La responsabilità dell’amministratore unico di una società per infortuni
Gerardo Porreca

Autore: Gerardo Porreca

Categoria: Sentenze commentate

28/06/2023

In tema di prevenzione degli infortuni sul lavoro la previsione dell’art. 299 del d.lgs. 81/2008 amplia il novero dei soggetti investiti della posizione di garanzia, senza tuttavia escludere, in assenza di delega, la responsabilità del datore di lavoro.

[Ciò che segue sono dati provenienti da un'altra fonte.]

lemma maximal_monotone_graph_closed:
  assumes "maximal_monotone B" "y \<longlonglongrightarrow> y0" "u \<longlonglongrightarrow> u0" "\<And>j. u j \<in> B (y j)"
  shows "u0 \<in> B y0"
proof (rule maximal_monotone_memI[OF assms(1)])
  fix w v assume v: "v \<in> B w"
  have "(\<lambda>j. inner (u j - v) (y j - w)) \<longlonglongrightarrow> inner (u0 - v) (y0 - w)"
    by (intro tendsto_intros assms(2,3))
  moreover have "\<forall>j. 0 \<le> inner (u j - v) (y j - w)"
    using maximal_monotone_imp_monotone_op[OF assms(1)] assms(4) v by (auto simp: monotone_op_def)
  ultimately show "0 \<le> inner (u0 - v) (y0 - w)" by (meson LIMSEQ_le_const)
qed

lemma monotone_op_inclusion_unique:
  assumes "monotone_op B" "s > 0" "u1 \<in> B y1" "u2 \<in> B y2" "y1 + s *\<^sub>R u1 = y2 + s *\<^sub>R u2"
  shows "y1 = y2"
proof -
  have diff: "y1 - y2 = s *\<^sub>R (u2 - u1)" using assms(5) by (simp add: algebra_simps)
  have "0 \<le> inner (u1 - u2) (y1 - y2)" using assms(1,3,4) by (auto simp: monotone_op_def)
  also have "\<dots> = - s * (norm (u1 - u2))\<^sup>2"
    by (simp add: diff power2_norm_eq_inner inner_diff_left inner_diff_right inner_commute algebra_simps)
  finally have "u1 = u2" using assms(2) by (simp add: mult_le_0_iff)
  then show ?thesis using diff by simp
qed

section \<open>Projections in Hilbert spaces\<close>

lemma Apollonius_dist_midpoint:
  fixes z a b :: "'a::real_inner"
  shows "(dist z (midpoint a b))\<^sup>2 = ((dist z a)\<^sup>2 + (dist z b)\<^sup>2) / 2 - (dist a b)\<^sup>2 / 4"
  by (simp add: dist_norm midpoint_def power2_norm_eq_inner inner_simps inner_commute field_simps)

lemma convex_midpoint_mem: "convex C \<Longrightarrow> a \<in> C \<Longrightarrow> b \<in> C \<Longrightarrow> midpoint a b \<in> C"
  by (metis convex_hull_eq midpoints_in_convex_hull)

lemma Cauchy_if_dist_sq_le:
  fixes Y :: "nat \<Rightarrow> 'a::metric_space"
  assumes bound: "\<And>n k. n \<le> k \<Longrightarrow> (dist (Y k) (Y n))\<^sup>2 \<le> b n" and "b \<longlonglongrightarrow> 0"
  shows "Cauchy Y"
proof (rule metric_CauchyI)
  fix r :: real assume "r > 0"
  then have "eventually (\<lambda>n. b n < r\<^sup>2) sequentially"
    by (intro order_tendstoD(2)[OF assms(2)]) auto
  then obtain N where N: "\<And>n. n \<ge> N \<Longrightarrow> b n < r\<^sup>2" by (auto simp: eventually_sequentially)
  have "dist (Y k) (Y n) < r" if "N \<le> n" "n \<le> k" for n k
    using bound[OF that(2)] N[OF that(1)] \<open>r > 0\<close> by (smt (verit) power_mono zero_le_dist)
  then show "\<exists>M. \<forall>m\<ge>M. \<forall>n\<ge>M. dist (Y m) (Y n) < r"
    by (metis dist_commute nle_le)
qed

lemma complete_closest_point_exists:
  fixes C :: "'a::{real_inner,complete_space} set"
  assumes C: "closed C" "convex C" "C \<noteq> {}"
  shows "\<exists>p\<in>C. \<forall>y\<in>C. dist z p \<le> dist z y"
proof -
  define d where "d = (INF y\<in>C. (dist z y)\<^sup>2)"
  have bdd: "bdd_below ((\<lambda>y. (dist z y)\<^sup>2) ` C)" by (auto intro: bdd_belowI[of _ 0])
  have d_le: "d \<le> (dist z y)\<^sup>2" if "y \<in> C" for y
    unfolding d_def using bdd that by (rule cINF_lower2) simp
  define e where "e n = inverse (real (Suc n))" for n
  have "\<exists>y\<in>C. (dist z y)\<^sup>2 < d + e n" for n
  proof -
    have "d < d + e n" by (simp add: e_def)
    then show ?thesis unfolding d_def using cINF_less_iff[OF C(3) bdd] by blast
  qed
  then obtain Y where Y: "\<And>n. Y n \<in> C" "\<And>n. (dist z (Y n))\<^sup>2 < d + e n" by metis
  have "Cauchy Y"
  proof (rule Cauchy_if_dist_sq_le[where b = "\<lambda>n. 4 * e n"])
    fix n k :: nat assume "n \<le> k"
    then have "e k \<le> e n" by (simp add: e_def field_simps)
    moreover have "d \<le> (dist z (midpoint (Y k) (Y n)))\<^sup>2"
      using d_le convex_midpoint_mem[OF C(2) Y(1) Y(1)] by blast
    ultimately show "(dist (Y k) (Y n))\<^sup>2 \<le> 4 * e n"
      using Y(2)[of n] Y(2)[of k] unfolding Apollonius_dist_midpoint by (simp add: field_simps)
  qed (use LIMSEQ_inverse_real_of_nat tendsto_mult_right_zero in \<open>auto simp: e_def\<close>)
  then obtain p where p: "Y \<longlonglongrightarrow> p" using Cauchy_convergent convergent_def by blast
  have "(\<lambda>n. (dist z (Y n))\<^sup>2) \<longlonglongrightarrow> (dist z p)\<^sup>2" by (intro tendsto_intros p)
  moreover have "(\<lambda>n. d + e n) \<longlonglongrightarrow> d"
    using tendsto_add[OF tendsto_const LIMSEQ_inverse_real_of_nat] by (simp add: e_def)
  ultimately have "(dist z p)\<^sup>2 \<le> d" using Y(2) by (meson LIMSEQ_le less_imp_le)
  then have "\<forall>y\<in>C. dist z p \<le> dist z y" using d_le by (meson order_trans power2_le_imp_le zero_le_dist)
  then show ?thesis using closed_sequentially[OF C(1) Y(1) p] by blast
qed

lemma proj_closest:
  fixes C :: "'a::{real_inner,complete_space} set"
  assumes "closed C" "convex C" "C \<noteq> {}"
  shows "proj C z \<in> C \<and> (\<forall>y\<in>C. dist z (proj C z) \<le> dist z y)"
proof -
  obtain p where p: "p \<in> C" "\<forall>y\<in>C. dist z p \<le> dist z y"
    using complete_closest_point_exists[OF assms] by blast
  have "proj C z = p"
    unfolding proj_def
    by (rule the_equality) (use p any_closest_point_unique[OF assms(2,1)] in \<open>auto simp: dist_norm\<close>)
  then show ?thesis using p by simp
qed

lemma proj_in:
  fixes C :: "'a::{real_inner,complete_space} set"
  shows "closed C \<Longrightarrow> convex C \<Longrightarrow> C \<noteq> {} \<Longrightarrow> proj C z \<in> C"
  using proj_closest by blast

lemma proj_inner_le:
  fixes C :: "'a::{real_inner,complete_space} set"
  assumes "closed C" "convex C" "y \<in> C"
  shows "inner (z - proj C z) (y - proj C z) \<le> 0"
  using proj_closest[OF assms(1,2)] assms by (intro any_closest_point_dot) auto

lemma dist_proj_sq_le:
  fixes C :: "'a::{real_inner,complete_space} set"
  assumes "closed C" "convex C" "y \<in> C"
  shows "(dist y (proj C z))\<^sup>2 \<le> (dist z y)\<^sup>2 - (dist z (proj C z))\<^sup>2"
proof -
  have "z - y = (z - proj C z) - (y - proj C z)" by simp
  then have "(dist z y)\<^sup>2 = (dist z (proj C z))\<^sup>2 - 2 * inner (z - proj C z) (y - proj C z)
      + (dist y (proj C z))\<^sup>2"
    by (simp only: dist_norm power2_norm_eq_inner inner_diff_left inner_diff_right inner_commute)
      (simp add: inner_commute)
  then show ?thesis using proj_inner_le[OF assms, of z] by linarith
qed

lemma tendsto_zero_if_norm_sq_le:
  fixes X :: "nat \<Rightarrow> 'a::real_normed_vector"
  assumes "\<And>n. (norm (X n))\<^sup>2 \<le> b n" "b \<longlonglongrightarrow> 0"
  shows "X \<longlonglongrightarrow> 0"
proof (rule Lim_null_comparison)
  show "eventually (\<lambda>n. norm (X n) \<le> sqrt (b n)) sequentially"
    using assms(1) by (intro always_eventually) (simp add: real_le_rsqrt)
  show "(\<lambda>n. sqrt (b n)) \<longlonglongrightarrow> 0" using tendsto_real_sqrt[OF assms(2)] by simp
qed

text \<open>Weak compactness is replaced by a Cauchy argument: the minimal-norm points of the finite
  intersections form a Cauchy net, since by the projection inequality their squared distances are
  bounded by the increase of their squared norms, which is bounded.\<close>

lemma Inter_closed_convex_nonempty:
  fixes \<K> :: "'a::{real_inner,complete_space} set set"
  assumes closed: "\<And>K. K \<in> \<K> \<Longrightarrow> closed K" and convex: "\<And>K. K \<in> \<K> \<Longrightarrow> convex K"
    and K\<^sub>0: "K\<^sub>0 \<in> \<K>" "bounded K\<^sub>0"
    and fip: "\<And>\<F>. \<F> \<subseteq> \<K> \<Longrightarrow> finite \<F> \<Longrightarrow> \<Inter>\<F> \<noteq> {}"
  shows "\<Inter>\<K> \<noteq> {}"
proof -
  define admissible where "admissible \<F> \<longleftrightarrow> finite \<F> \<and> K\<^sub>0 \<in> \<F> \<and> \<F> \<subseteq> \<K>" for \<F>
  define m where "m (\<F> :: 'a set set) = proj (\<Inter>\<F>) 0" for \<F>
  have Inter: "closed (\<Inter>\<F>)" "convex (\<Inter>\<F>)" "\<Inter>\<F> \<noteq> {}" if "admissible \<F>" for \<F>
  proof -
    from that have "\<F> \<subseteq> \<K>" "finite \<F>" by (simp_all add: admissible_def)
    then show "closed (\<Inter>\<F>)" "convex (\<Inter>\<F>)" "\<Inter>\<F> \<noteq> {}"
      using closed convex fip by (blast intro: closed_Inter convex_Inter)+
  qed
  have m_mem: "m \<F> \<in> \<Inter>\<F>" if "admissible \<F>" for \<F>
    using proj_in[OF Inter[OF that]] by (simp add: m_def)
  have m_step: "(dist (m \<G>) (m \<F>))\<^sup>2 \<le> (norm (m \<G>))\<^sup>2 - (norm (m \<F>))\<^sup>2"
    if "admissible \<F>" "admissible \<G>" "\<F> \<subseteq> \<G>" for \<F> \<G>
  proof -
    have "m \<G> \<in> \<Inter>\<F>" using m_mem[OF that(2)] that(3) by blast
    then show ?thesis using dist_proj_sq_le[OF Inter(1,2)[OF that(1)], of "m \<G>" 0] by (simp add: m_def)
  qed
  obtain R where R: "\<And>y. y \<in> K\<^sub>0 \<Longrightarrow> norm y \<le> R" using K\<^sub>0(2) by (auto simp: bounded_iff)
  have bdd: "bdd_above ((\<lambda>\<F>. (norm (m \<F>))\<^sup>2) ` Collect admissible)"
  proof (rule bdd_aboveI2)
    fix \<F> assume "\<F> \<in> Collect admissible"
    then have "m \<F> \<in> K\<^sub>0" using m_mem unfolding admissible_def by blast
    then show "(norm (m \<F>))\<^sup>2 \<le> R\<^sup>2" using R by (simp add: power_mono)
  qed
  define V where "V = (SUP \<F>\<in>Collect admissible. (norm (m \<F>))\<^sup>2)"
  have le_V: "(norm (m \<F>))\<^sup>2 \<le> V" if "admissible \<F>" for \<F>
    unfolding V_def using that bdd by (auto intro: cSUP_upper)
  define e where "e n = inverse (real (Suc n))" for n
  have "\<exists>\<F>. admissible \<F> \<and> V - e n < (norm (m \<F>))\<^sup>2" for n
  proof -
    have "admissible {K\<^sub>0}" using K\<^sub>0 by (simp add: admissible_def)
    moreover have "V - e n < V" by (simp add: e_def)
    ultimately show ?thesis unfolding V_def using less_cSUP_iff[OF _ bdd] by blast
  qed
  then obtain \<F> where \<F>: "\<And>n. admissible (\<F> n)" "\<And>n. V - e n < (norm (m (\<F> n)))\<^sup>2" by metis
  define \<G> where "\<G> n = (\<Union>i\<le>n. \<F> i)" for n
  have \<G>_mono: "\<G> n \<subseteq> \<G> k" if "n \<le> k" for n k
    unfolding \<G>_def using that by (intro UN_mono) auto
  have \<F>_\<G>: "\<F> n \<subseteq> \<G> n" for n
    unfolding \<G>_def by blast
  have \<G>: "admissible (\<G> n)" for n
  proof -
    have "K\<^sub>0 \<in> \<G> 0" using \<F>(1)[of 0] by (simp add: admissible_def \<G>_def)
    then show ?thesis
      using \<F>(1) \<G>_mono[of 0 n] by (auto simp: admissible_def \<G>_def)
  qed
  have near_sup: "(dist (m \<H>) (m (\<G> n)))\<^sup>2 \<le> e n" if "admissible \<H>" "\<G> n \<subseteq> \<H>" for \<H> n
  proof -
    have "(norm (m (\<F> n)))\<^sup>2 \<le> (norm (m (\<G> n)))\<^sup>2"
      using m_step[OF \<F>(1) \<G> \<F>_\<G>, of n] zero_le_power2[of "dist (m (\<G> n)) (m (\<F> n))"]
      by linarith
    then show ?thesis using m_step[OF \<G> that] le_V[OF that(1)] \<F>(2)[of n] by linarith
  qed
  have e: "e \<longlonglongrightarrow> 0" unfolding e_def by (rule LIMSEQ_inverse_real_of_nat)
  have "Cauchy (\<lambda>n. m (\<G> n))"
    using near_sup[OF \<G> \<G>_mono] by (rule Cauchy_if_dist_sq_le[OF _ e])
  then obtain y where y: "(\<lambda>n. m (\<G> n)) \<longlonglongrightarrow> y" using Cauchy_convergent convergent_def by blast
  have "y \<in> K" if K: "K \<in> \<K>" for K
  proof -
    define \<H> where "\<H> n = insert K (\<G> n)" for n
    have \<H>: "admissible (\<H> n)" "\<G> n \<subseteq> \<H> n" for n
      using \<G>[of n] K by (auto simp: admissible_def \<H>_def)
    have "(\<lambda>n. m (\<H> n) - m (\<G> n)) \<longlonglongrightarrow> 0"
      using near_sup[OF \<H>] by (intro tendsto_zero_if_norm_sq_le[OF _ e]) (simp add: dist_norm)
    then have lim: "(\<lambda>n. m (\<H> n)) \<longlonglongrightarrow> y" by (rule Lim_transform[OF y])
    have "\<forall>n. m (\<H> n) \<in> K" using m_mem[OF \<H>(1)] by (simp add: \<H>_def)
    then show ?thesis using closed_sequentially[OF closed[OF K] _ lim] by blast
  qed
  then show ?thesis by blast
qed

In tema di prevenzione degli infortuni sul lavoro, ha sostenuto la suprema Corte di Cassazione in questa sentenza, la previsione dell’art. 299 del D. Lgs. 9 aprile 2008 n. 81, elevando a garante colui che di fatto assume ed esercita i poteri del datore di lavoro, amplia il novero dei soggetti investiti della posizione di garanzia, senza tuttavia escludere, in assenza di delega dei poteri relativi agli obblighi prevenzionistici in favore di un soggetto specifico, la responsabilità del datore di lavoro, che di tali poteri è investito ex lege e che, nelle società di capitali, si identifica nella totalità dei componenti del consiglio di amministrazione. In merito a quest’ultima affermazione la suprema Corte ha citato come  precedente la sentenza la n. 2157 della IV Sezione penale del 19/01/2022, pubblicata e commentata dallo scrivente nell’articolo “ Sulla figura del datore di lavoro e sul principio di effettivitànella quale la stessa Corte, in assenza di delega di poteri, aveva riconosciuto la qualifica di datore di lavoro al presidente del consiglio di amministrazione di una società di capitali, nonostante nell’azienda si occupasse della prevenzione un altro componente del consiglio di amministrazione.

 

Il principio di effettività di cui all’art. 299 del D. Lgs. n. 81/2008, aveva altresì precisato la suprema Corte in quella sentenza, al quale si fa ricorso in genere per individuare delle posizioni di garanzia assunte di fatto, è stato dettato dal legislatore in chiave ampliativa del novero dei soggetti gravati dalla posizione di garanzia, come risulta evidente dalla presenza nello stesso articolo dell'avverbio "altresì" in funzione qualificativa del verbo "gravare". E’ in sostanza perciò una ipotesi alternativa di tipicità della fattispecie incriminatrice che comunque non vale certamente ad escludere la responsabilità del soggetto titolare dei relativi obblighi prevenzionistici.

 

Il fatto di cui alla sentenza aveva riguardato l’infortunio accaduto al padre dell’amministratrice di una società che era caduto da una scala semplice nel mentre saliva per recarsi sul lastrico di un edificio oggetto di ristrutturazione da parte della società stessa. Condannata l’amministratrice della società nei due primi gradi di giudizio perché ritenuta, in qualità di datore di lavoro, responsabile dell’infortunio accaduto al proprio genitore, la stessa ha ricorso per cassazione sostenendo di non avere avuto nell’azienda una effettiva potestà gestionale e di non essere potuta intervenire ad evitare o impedire la condotta del padre.  I giudici di merito, secondo la stessa, si erano adagiati sulla sua posizione di garanzia da essa ricoperta.

 

La Cotte di Cassazione ha dichiarato inammissibile il ricorso e ha sostenuto che i giudici avevano fatto buon governo del principio sopraindicato avendo attribuita ad essa la qualifica di datore di lavoro in quanto amministratrice della società come anche comprovato dalla documentazione versata in atti.

 

Ebbene, facendo buon governo di tale principio la sentenza impugnata ha concluso che all'imputata sia da attribuirsi la qualifica di datore di lavoro, in quanto la stessa era amministratrice e che, anche se fosse stata provata l'esistenza di un titolare di fatto, non avrebbe potuto comunque essere esonerato da responsabilità.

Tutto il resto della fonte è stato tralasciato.